[Stored records]
Content starts

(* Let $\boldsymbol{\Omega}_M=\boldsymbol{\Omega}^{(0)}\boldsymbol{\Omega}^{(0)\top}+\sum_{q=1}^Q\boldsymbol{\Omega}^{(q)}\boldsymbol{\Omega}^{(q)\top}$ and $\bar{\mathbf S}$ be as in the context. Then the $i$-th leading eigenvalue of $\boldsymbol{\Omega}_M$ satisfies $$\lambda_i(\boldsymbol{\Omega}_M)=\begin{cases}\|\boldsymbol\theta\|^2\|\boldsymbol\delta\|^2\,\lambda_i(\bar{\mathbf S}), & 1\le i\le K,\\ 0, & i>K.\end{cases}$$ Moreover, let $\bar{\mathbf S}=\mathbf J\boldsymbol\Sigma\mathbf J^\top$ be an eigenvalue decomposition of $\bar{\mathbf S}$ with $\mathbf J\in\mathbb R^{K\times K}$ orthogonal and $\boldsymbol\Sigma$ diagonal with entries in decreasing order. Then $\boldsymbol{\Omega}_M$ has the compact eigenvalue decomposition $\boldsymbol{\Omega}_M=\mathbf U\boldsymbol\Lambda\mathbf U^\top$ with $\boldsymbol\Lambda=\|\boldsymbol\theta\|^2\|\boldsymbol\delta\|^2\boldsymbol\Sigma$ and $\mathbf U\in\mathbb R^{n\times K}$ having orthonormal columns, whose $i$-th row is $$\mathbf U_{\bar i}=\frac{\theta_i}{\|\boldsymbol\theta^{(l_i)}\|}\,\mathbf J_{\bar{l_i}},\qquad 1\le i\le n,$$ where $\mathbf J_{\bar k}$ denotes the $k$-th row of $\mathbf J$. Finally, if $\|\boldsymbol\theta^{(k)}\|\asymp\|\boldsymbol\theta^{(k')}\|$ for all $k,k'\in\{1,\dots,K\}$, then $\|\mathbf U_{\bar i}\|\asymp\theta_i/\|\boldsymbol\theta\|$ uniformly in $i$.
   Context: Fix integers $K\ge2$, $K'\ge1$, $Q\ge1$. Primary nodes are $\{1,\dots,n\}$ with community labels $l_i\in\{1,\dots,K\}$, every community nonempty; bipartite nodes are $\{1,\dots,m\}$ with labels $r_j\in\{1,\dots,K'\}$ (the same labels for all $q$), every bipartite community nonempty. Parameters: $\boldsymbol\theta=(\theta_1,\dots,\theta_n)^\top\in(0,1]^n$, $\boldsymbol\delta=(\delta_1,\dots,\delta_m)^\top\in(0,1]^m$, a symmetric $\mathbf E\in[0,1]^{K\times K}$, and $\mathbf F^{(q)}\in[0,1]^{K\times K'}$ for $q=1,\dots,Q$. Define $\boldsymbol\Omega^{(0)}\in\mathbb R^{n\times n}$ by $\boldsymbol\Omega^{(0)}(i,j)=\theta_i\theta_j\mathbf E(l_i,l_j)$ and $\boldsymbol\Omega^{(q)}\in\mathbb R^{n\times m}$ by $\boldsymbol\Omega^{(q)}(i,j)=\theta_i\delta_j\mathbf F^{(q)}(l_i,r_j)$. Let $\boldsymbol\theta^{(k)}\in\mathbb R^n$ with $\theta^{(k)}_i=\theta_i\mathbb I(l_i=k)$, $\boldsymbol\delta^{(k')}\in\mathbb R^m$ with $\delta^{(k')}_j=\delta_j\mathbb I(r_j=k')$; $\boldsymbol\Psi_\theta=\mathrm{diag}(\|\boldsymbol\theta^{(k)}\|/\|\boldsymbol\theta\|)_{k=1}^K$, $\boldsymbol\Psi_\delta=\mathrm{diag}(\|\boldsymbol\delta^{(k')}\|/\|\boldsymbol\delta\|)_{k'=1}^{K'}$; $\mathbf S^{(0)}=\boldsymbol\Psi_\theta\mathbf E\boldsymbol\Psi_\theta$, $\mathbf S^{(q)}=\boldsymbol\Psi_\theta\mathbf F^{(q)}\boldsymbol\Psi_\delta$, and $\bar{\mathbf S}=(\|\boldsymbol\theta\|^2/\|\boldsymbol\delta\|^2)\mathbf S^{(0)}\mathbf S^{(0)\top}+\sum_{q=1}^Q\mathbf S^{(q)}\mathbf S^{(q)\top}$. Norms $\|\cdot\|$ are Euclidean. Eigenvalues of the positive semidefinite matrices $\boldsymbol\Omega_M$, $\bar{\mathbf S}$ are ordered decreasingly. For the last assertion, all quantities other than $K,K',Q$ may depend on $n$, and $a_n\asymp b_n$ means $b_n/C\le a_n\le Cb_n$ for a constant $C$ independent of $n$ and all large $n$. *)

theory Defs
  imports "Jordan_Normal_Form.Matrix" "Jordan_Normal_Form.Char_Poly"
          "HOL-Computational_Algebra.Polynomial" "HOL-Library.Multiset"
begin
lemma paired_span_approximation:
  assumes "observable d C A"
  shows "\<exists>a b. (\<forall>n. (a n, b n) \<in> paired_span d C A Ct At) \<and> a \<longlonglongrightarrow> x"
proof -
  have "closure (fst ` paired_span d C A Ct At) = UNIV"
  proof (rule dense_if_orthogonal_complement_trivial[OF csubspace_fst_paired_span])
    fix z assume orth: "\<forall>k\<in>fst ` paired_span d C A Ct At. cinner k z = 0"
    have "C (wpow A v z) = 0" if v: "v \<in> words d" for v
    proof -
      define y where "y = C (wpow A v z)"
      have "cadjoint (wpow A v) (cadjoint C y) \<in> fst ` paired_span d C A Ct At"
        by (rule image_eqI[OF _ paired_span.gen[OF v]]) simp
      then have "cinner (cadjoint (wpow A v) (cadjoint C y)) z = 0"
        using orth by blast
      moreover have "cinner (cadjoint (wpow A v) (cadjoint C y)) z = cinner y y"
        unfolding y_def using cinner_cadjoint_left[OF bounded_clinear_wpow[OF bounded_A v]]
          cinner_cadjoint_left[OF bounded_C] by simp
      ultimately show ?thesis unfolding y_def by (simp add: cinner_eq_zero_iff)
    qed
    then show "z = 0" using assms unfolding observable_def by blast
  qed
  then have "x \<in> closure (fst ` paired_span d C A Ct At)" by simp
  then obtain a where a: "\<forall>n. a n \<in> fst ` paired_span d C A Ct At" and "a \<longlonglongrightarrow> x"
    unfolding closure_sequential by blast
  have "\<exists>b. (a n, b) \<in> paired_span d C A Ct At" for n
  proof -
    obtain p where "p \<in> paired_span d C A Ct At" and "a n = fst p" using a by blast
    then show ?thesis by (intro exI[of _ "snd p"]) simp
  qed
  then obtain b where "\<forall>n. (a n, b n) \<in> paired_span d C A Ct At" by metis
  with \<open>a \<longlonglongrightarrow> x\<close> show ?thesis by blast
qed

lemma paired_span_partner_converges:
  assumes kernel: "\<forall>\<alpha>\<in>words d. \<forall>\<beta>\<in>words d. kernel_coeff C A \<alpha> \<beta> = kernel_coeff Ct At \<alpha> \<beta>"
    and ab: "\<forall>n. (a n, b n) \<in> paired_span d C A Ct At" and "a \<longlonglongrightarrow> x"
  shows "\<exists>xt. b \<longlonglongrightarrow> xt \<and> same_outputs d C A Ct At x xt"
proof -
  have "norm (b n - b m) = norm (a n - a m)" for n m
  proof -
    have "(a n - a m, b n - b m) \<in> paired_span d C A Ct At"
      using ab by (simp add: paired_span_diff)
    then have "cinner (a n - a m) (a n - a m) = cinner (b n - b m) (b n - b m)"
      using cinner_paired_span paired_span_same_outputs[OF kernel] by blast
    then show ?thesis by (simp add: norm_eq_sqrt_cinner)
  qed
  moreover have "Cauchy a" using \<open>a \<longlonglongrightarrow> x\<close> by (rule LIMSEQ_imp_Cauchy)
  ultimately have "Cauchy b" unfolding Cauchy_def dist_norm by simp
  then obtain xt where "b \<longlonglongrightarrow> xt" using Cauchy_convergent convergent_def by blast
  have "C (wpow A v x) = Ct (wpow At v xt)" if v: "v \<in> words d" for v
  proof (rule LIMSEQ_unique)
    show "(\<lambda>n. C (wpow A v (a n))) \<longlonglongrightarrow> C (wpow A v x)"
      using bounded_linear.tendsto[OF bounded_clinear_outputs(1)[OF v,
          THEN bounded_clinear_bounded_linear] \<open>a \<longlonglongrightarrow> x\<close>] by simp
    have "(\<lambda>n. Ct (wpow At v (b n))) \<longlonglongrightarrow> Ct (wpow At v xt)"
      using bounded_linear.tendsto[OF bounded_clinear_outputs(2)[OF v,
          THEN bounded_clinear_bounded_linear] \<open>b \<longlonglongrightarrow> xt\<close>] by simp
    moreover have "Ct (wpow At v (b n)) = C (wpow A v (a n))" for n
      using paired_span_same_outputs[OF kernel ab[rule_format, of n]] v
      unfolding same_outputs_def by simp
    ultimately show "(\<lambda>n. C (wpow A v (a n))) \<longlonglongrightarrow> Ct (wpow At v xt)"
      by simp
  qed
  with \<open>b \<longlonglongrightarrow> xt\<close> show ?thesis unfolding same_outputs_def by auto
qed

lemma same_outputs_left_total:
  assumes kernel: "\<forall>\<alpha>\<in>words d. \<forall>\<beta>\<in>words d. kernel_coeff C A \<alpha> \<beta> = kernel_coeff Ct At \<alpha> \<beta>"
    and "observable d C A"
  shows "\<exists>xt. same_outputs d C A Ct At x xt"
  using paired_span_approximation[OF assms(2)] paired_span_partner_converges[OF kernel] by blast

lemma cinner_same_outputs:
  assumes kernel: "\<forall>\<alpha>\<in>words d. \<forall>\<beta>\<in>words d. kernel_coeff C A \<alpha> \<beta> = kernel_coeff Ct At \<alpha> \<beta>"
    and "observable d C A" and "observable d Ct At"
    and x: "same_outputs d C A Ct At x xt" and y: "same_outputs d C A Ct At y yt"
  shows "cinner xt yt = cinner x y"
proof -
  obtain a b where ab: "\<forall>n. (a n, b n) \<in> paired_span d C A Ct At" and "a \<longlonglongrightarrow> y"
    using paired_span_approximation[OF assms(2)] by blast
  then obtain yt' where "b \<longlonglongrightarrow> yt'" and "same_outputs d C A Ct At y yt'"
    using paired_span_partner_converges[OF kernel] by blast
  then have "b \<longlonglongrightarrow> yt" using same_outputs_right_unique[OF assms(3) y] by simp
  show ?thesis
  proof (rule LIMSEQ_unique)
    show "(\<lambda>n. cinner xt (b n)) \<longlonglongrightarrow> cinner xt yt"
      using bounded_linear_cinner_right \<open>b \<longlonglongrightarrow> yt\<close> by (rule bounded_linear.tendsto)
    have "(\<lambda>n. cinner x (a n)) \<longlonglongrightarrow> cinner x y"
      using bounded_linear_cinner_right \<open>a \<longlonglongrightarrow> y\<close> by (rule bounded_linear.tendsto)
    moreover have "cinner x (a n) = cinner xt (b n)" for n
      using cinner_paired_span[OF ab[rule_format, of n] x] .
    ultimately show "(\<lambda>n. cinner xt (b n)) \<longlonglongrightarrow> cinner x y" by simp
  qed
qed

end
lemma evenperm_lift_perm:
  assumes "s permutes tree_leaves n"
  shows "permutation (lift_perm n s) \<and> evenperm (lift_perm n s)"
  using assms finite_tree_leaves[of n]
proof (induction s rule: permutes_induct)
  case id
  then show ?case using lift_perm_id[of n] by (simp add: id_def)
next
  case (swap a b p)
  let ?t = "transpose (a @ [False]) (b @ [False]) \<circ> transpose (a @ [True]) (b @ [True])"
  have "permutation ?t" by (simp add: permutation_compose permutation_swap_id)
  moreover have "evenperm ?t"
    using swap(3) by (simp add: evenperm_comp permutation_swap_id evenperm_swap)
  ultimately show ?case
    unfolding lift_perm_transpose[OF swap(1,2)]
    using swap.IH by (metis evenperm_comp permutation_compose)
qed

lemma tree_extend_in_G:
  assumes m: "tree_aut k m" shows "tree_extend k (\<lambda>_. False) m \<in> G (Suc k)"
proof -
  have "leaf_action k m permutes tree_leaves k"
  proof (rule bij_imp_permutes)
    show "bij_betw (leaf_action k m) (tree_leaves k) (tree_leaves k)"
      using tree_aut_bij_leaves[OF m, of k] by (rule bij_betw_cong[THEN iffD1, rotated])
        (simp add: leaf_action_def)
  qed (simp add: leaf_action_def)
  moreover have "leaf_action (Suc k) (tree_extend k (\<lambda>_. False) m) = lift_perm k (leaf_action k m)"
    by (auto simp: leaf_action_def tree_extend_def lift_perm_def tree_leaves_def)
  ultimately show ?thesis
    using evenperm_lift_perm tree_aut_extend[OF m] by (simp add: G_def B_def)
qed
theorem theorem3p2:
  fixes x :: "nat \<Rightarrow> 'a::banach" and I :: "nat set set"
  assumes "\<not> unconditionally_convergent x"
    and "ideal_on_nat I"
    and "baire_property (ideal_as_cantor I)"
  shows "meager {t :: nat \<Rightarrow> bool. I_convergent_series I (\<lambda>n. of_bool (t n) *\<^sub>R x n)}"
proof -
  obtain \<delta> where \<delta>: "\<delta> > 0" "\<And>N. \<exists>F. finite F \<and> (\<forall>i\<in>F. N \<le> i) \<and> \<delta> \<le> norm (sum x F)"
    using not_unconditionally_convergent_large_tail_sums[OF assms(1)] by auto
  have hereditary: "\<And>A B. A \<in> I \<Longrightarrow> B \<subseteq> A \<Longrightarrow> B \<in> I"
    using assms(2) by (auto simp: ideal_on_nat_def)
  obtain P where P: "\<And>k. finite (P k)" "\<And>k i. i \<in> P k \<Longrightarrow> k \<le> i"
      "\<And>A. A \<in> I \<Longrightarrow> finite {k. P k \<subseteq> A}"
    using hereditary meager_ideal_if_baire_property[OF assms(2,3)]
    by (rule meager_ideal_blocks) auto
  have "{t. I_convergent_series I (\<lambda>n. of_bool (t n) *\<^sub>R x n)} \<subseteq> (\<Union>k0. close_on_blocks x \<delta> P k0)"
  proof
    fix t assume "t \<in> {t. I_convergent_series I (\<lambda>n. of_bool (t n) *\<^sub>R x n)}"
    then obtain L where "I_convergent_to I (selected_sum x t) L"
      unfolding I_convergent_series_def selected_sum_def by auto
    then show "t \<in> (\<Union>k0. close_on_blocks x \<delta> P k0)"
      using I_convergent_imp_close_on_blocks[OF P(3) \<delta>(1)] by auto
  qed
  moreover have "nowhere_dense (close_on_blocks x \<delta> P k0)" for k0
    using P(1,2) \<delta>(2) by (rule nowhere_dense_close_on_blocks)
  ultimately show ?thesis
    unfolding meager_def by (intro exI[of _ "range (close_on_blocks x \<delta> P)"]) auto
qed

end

Content ends

Instructions to follow:
Filter the data above by the word "blast" and copy every line that matches.

Answer for this exercise:
        using orth by blast
    then show "z = 0" using assms unfolding observable_def by blast
    unfolding closure_sequential by blast
    obtain p where "p \<in> paired_span d C A Ct At" and "a n = fst p" using a by blast
  with \<open>a \<longlonglongrightarrow> x\<close> show ?thesis by blast
      using cinner_paired_span paired_span_same_outputs[OF kernel] by blast
  then obtain xt where "b \<longlonglongrightarrow> xt" using Cauchy_convergent convergent_def by blast
  using paired_span_approximation[OF assms(2)] paired_span_partner_converges[OF kernel] by blast
    using paired_span_approximation[OF assms(2)] by blast
    using paired_span_partner_converges[OF kernel] by blast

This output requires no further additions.